JP2638050B2 - Groove width inspection device - Google Patents

Description

Description: BACKGROUND OF THE INVENTION The present invention relates to a groove width inspection apparatus that scans the groove width of a sintered product such as a rotor of a vane pump.

[Conventional technology]

Generally, for example, in a plurality of grooves formed on the outer periphery of a rotor of a vane pump, a vane is used by being fitted therein so that it can come and go, and as the rotor rotates in a cam ring,
It is required that the vanes smoothly come out of the grooves of the rotor. For this reason, it is necessary to inspect whether or not the groove of the rotor is formed with a predetermined width.

[Problems to be solved by the invention]

By the way, conventionally, the inspection of the width of the groove of the rotor was performed by an inspector using a gauge, so that workability was poor,
There was a problem that measurement took time.

The present invention has been made in view of the above circumstances, and an object of the present invention is to enable a smooth and quick inspection of a groove width of a sintered product such as a rotor of a vane pump to save labor, An object of the present invention is to provide a groove width inspection apparatus which can be automated and can improve the reliability of inspection.

[Means for solving the problem]

In order to achieve the above object, according to the present invention, a gauge body to be inserted into a groove of a sintered product is provided on a gauge support, and the gauge support is provided on a movable body so as to be movable within a predetermined range in a longitudinal direction thereof. And, between the gauge support and the movable body, a resilient member that pulls the gauge support backward is provided, and the movable body is moved along the longitudinal direction of the gauge support to the movable body. A moving mechanism for pushing the gauge body into the groove is provided.
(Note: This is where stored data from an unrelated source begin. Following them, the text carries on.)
lemma theta_H_kappa_tendsto:
  fixes \<theta> :: real
  assumes \<theta>: "\<theta> > 0"
  shows "(\<lambda>N. \<theta> * H N (kappa N \<theta> - 1)) \<longlonglongrightarrow> 1"
proof (rule tendsto_sandwich)
  show "eventually (\<lambda>N. 1 \<le> \<theta> * H N (kappa N \<theta> - 1)) sequentially"
    using eventually_kappa_characterization[OF \<theta>] by eventually_elim (use \<theta> in \<open>simp add: field_simps\<close>)
  show "eventually (\<lambda>N. \<theta> * H N (kappa N \<theta> - 1) \<le> 1 + \<theta> * (1 / real (kappa N \<theta>))) sequentially"
    using eventually_kappa_characterization[OF \<theta>]
  proof eventually_elim
    case (elim N)
    then have "H N (kappa N \<theta> - 1) = 1 / real (kappa N \<theta>) + H N (kappa N \<theta>)"
      by (intro H_diff_pred) auto
    moreover have "\<theta> * H N (kappa N \<theta>) \<le> 1"
      using elim \<theta> by (simp add: field_simps)
    ultimately show ?case
      by (simp add: distrib_left)
  qed
  have "(\<lambda>N. 1 / real (kappa N \<theta>)) \<longlonglongrightarrow> 0"
    using tendsto_inverse_0_at_top[OF kappa_tendsto_at_top[OF \<theta>]] by (simp add: inverse_eq_divide)
  then show "(\<lambda>N. 1 + \<theta> * (1 / real (kappa N \<theta>))) \<longlonglongrightarrow> 1"
    using tendsto_add[OF tendsto_const[of 1] tendsto_mult[OF tendsto_const[of \<theta>]]] by fastforce
qed simp

section \<open>The limiting winning probability\<close>

lemma W_div_pochhammer:
  fixes \<theta> :: real
  assumes \<theta>: "\<theta> > 0" and k: "1 \<le> k" "k \<le> N"
  shows "W N k \<theta> / pochhammer \<theta> N = \<theta> * H N (k - 1) * (\<Prod>j\<in>{k+1..N}. real (j - 1) / (\<theta> + real (j - 1)))"
proof -
  let ?P = "\<Prod>j\<in>{k+1..N}. real (j - 1)"
  have sum_eq: "(\<Sum>m\<in>{k+1..N}. \<Prod>j\<in>{k+1..N}-{m}. real (j - 1)) = ?P * H N (k - 1)"
    unfolding H_eq_sum_inverse_pred[OF k(1)] sum_distrib_left
  proof (rule sum.cong[OF refl])
    fix m
    assume m: "m \<in> {k+1..N}"
    then have "real (m - 1) \<noteq> 0" using k by auto
    then show "(\<Prod>j\<in>{k+1..N}-{m}. real (j - 1)) = ?P * (1 / real (m - 1))"
      using m by (simp add: prod.remove)
  qed
  have poch_eq: "pochhammer \<theta> N = pochhammer \<theta> k * (\<Prod>j\<in>{k+1..N}. \<theta> + real (j - 1))"
    unfolding pochhammer_eq_prod using k by (intro prod_atLeastAtMost_split) simp_all
  have "pochhammer \<theta> k > 0"
    using \<theta> by (simp add: pochhammer_pos)
  then have "W N k \<theta> / pochhammer \<theta> N = \<theta> * H N (k - 1) * (?P / (\<Prod>j\<in>{k+1..N}. \<theta> + real (j - 1)))"
    unfolding W_closed_form[OF k(2)] sum_eq poch_eq by simp
  then show ?thesis
    by (simp add: prod_dividef)
qed
lemma measurable_past_algebra:
  assumes "i \<in> {1..<t}"
  shows "X i \<in> borel_measurable (past_algebra M X t)"
proof (rule measurableI)
  fix A :: "real set" assume "A \<in> sets borel"
  then show "X i -` A \<inter> space (past_algebra M X t) \<in> sets (past_algebra M X t)"
    unfolding space_past_algebra sets_past_algebra using assms by (intro sigma_sets.Basic) blast
qed auto

lemma (in finite_measure) finite_measure_subalgebra_past_algebra:
  assumes "\<And>i. i \<in> {1..<t} \<Longrightarrow> X i \<in> borel_measurable M"
  shows "finite_measure_subalgebra M (past_algebra M X t)"
  using subalgebra_past_algebra[OF assms] finite_measure_axioms
  by (simp add: finite_measure_subalgebra_def finite_measure_subalgebra_axioms_def)

lemma Hoeffdings_lemma_two_point:
  fixes h p :: real
  assumes "0 \<le> p" "p \<le> 1"
  shows "1 + p * (exp h - 1) \<le> exp (h * p + h\<^sup>2 / 8)"
proof -
  have nonneg_case: "1 + q * (exp g - 1) \<le> exp (g * q + g\<^sup>2 / 8)" if "g \<ge> 0" "q \<ge> 0" for g q :: real
  proof -
    have "0 < 1 + q * (exp g - 1)"
      using that by (intro add_pos_nonneg mult_nonneg_nonneg) auto
    moreover have "ln (1 + q * (exp g - 1)) \<le> g * q + g\<^sup>2 / 8"
      using Hoeffdings_lemma_aux[OF that] by simp
    ultimately show ?thesis
      by (metis exp_le_cancel_iff exp_ln)
  qed
  show ?thesis
  proof (cases "h \<ge> 0")
    case True
    then show ?thesis using nonneg_case assms by blast
  next
    case False
    \<comment> \<open>Pass to the complementary point \<open>1 - p\<close> and the exponent \<open>-h\<close>.\<close>
    have "1 + p * (exp h - 1) = exp h * (1 + (1 - p) * (exp (-h) - 1))"
      by (simp add: algebra_simps exp_minus)
    also have "\<dots> \<le> exp h * exp (-h * (1 - p) + h\<^sup>2 / 8)"
      using nonneg_case[of "-h" "1 - p"] False assms by simp
    also have "\<dots> = exp (h * p + h\<^sup>2 / 8)"
      by (simp add: exp_add[symmetric] algebra_simps)
    finally show ?thesis .
  qed
qed

lemma exp_le_chord:
  fixes l b y :: real
  assumes "b > 0" "0 \<le> y" "y \<le> b"
  shows "exp (l * y) \<le> 1 + y * (exp (l * b) - 1) / b"
proof -
  define u where "u = y / b"
  have u: "0 \<le> u" "u \<le> 1"
    using assms by (auto simp: u_def)
  have "exp (l * y) = exp ((1 - u) * 0 + u * (l * b))"
    using assms by (simp add: u_def)
  also have "\<dots> \<le> (1 - u) * exp 0 + u * exp (l * b)"
    using convex_onD[OF convex_on_exp[of 1], of u 0 "l * b"] u by simp
  also have "\<dots> = 1 + y * (exp (l * b) - 1) / b"
    using assms by (simp add: u_def field_simps)
  finally show ?thesis .
qed

lemma exp_minus_one_mult_mono:
  fixes l b x m :: real
  assumes "l * x \<le> l * m" "b > 0"
  shows "(exp (l * b) - 1) * x \<le> (exp (l * b) - 1) * m"
proof (cases l "0 :: real" rule: linorder_cases)
  case less
  then show ?thesis
    using assms by (intro mult_left_mono_neg) (auto simp: mult_le_cancel_left intro: mult_nonpos_nonneg)
next
  case greater
  then show ?thesis
    using assms by (intro mult_left_mono) (auto simp: mult_le_cancel_left)
qed simp

lemma mult_le_abs_mult_bound:
  fixes l y b :: real
  assumes "0 \<le> y" "y \<le> b"
  shows "l * y \<le> \<bar>l\<bar> * b"
proof -
  have "l * y \<le> \<bar>l\<bar> * y"
    using assms by (intro mult_right_mono) auto
  also have "\<dots> \<le> \<bar>l\<bar> * b"
    using assms by (intro mult_left_mono) auto
  finally show ?thesis .
qed

lemma exp_minus_square_le_scaled:
  fixes x q :: real and n :: nat
  assumes "0 \<le> q" "q \<le> 1"
  shows "exp (- 2 * x\<^sup>2 / n) \<le> exp (- 2 * (x * q)\<^sup>2 / n)"
proof -
  have "(x * q)\<^sup>2 \<le> x\<^sup>2"
    unfolding power_mult_distrib using assms by (intro mult_left_le power_le_one) auto
  then show ?thesis
    by (simp add: divide_right_mono)
qed

lemma (in finite_measure) integrable_exp_bounded:
  fixes g :: "'a \<Rightarrow> real" and B :: real
  assumes "g \<in> borel_measurable M" "\<And>x. x \<in> space M \<Longrightarrow> g x \<le> B"
  shows "integrable M (\<lambda>x. exp (g x))"
  using assms by (intro integrable_const_bound[where B = "exp B"] AE_I2) auto

lemma (in finite_measure) Chernoff_ineq_ge_space:
  fixes f :: "'a \<Rightarrow> real"
  assumes "s > 0" "integrable M (\<lambda>x. exp (s * f x))"
  shows "measure M {x \<in> space M. f x \<ge> a} \<le> exp (- s * a) * (\<integral>x. exp (s * f x) \<partial>M)"
proof -
  have "set_integrable M (space M) (\<lambda>x. exp (s * f x))"
    unfolding set_integrable_def using assms(2) by (intro integrable_mult_indicator) auto
  from Chernoff_ineq_ge[OF assms(1) this sets.top] show ?thesis
    by (simp add: set_integral_space[OF assms(2)])
qed

lemma integrable_mult_bounded:
  fixes f g :: "'a \<Rightarrow> real"
  assumes "integrable M f" "g \<in> borel_measurable M" "\<And>x. x \<in> space M \<Longrightarrow> \<bar>g x\<bar> \<le> B"
  shows "integrable M (\<lambda>x. f x * g x)"
proof (rule Bochner_Integration.integrable_bound[of _ "\<lambda>x. B * f x"])
  show "AE x in M. norm (f x * g x) \<le> norm (B * f x)"
  proof (rule AE_I2)
    fix x assume "x \<in> space M"
    with assms(3) have "\<bar>g x\<bar> \<le> B" .
    then have "0 \<le> B"
      by (rule order_trans[OF abs_ge_zero])
    from \<open>\<bar>g x\<bar> \<le> B\<close> have "\<bar>f x\<bar> * \<bar>g x\<bar> \<le> \<bar>f x\<bar> * B"
      by (simp add: mult_left_mono)
    with \<open>0 \<le> B\<close> show "norm (f x * g x) \<le> norm (B * f x)"
      by (simp add: abs_mult mult.commute)
  qed
qed (use assms in auto)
Further, the gauge body has a V-shaped notch formed at a position facing both ends of the groove.

(Operation)

According to the invention of the present application, the moving mechanism advances the movable body toward the groove of the sintered product, advances the gauge body together with the gauge support body with the advancement of the movable body, and moves the gauge body to the sintered product. Force it to be inserted into the groove. Next, the movable body is pulled back by the moving mechanism, and the gauge body is pulled out of the groove of the sintered product by the resilient member via the gauge support.
In this case, when the groove of the sintered product is smaller than the predetermined value, the gauge body cannot be pulled out of the groove of the sintered product by the urging force of the resilient member, and the gauge body remains in the groove of the sintered product. .

〔Example〕

Hereinafter, an embodiment of the present invention will be described with reference to FIGS. 1 to 7.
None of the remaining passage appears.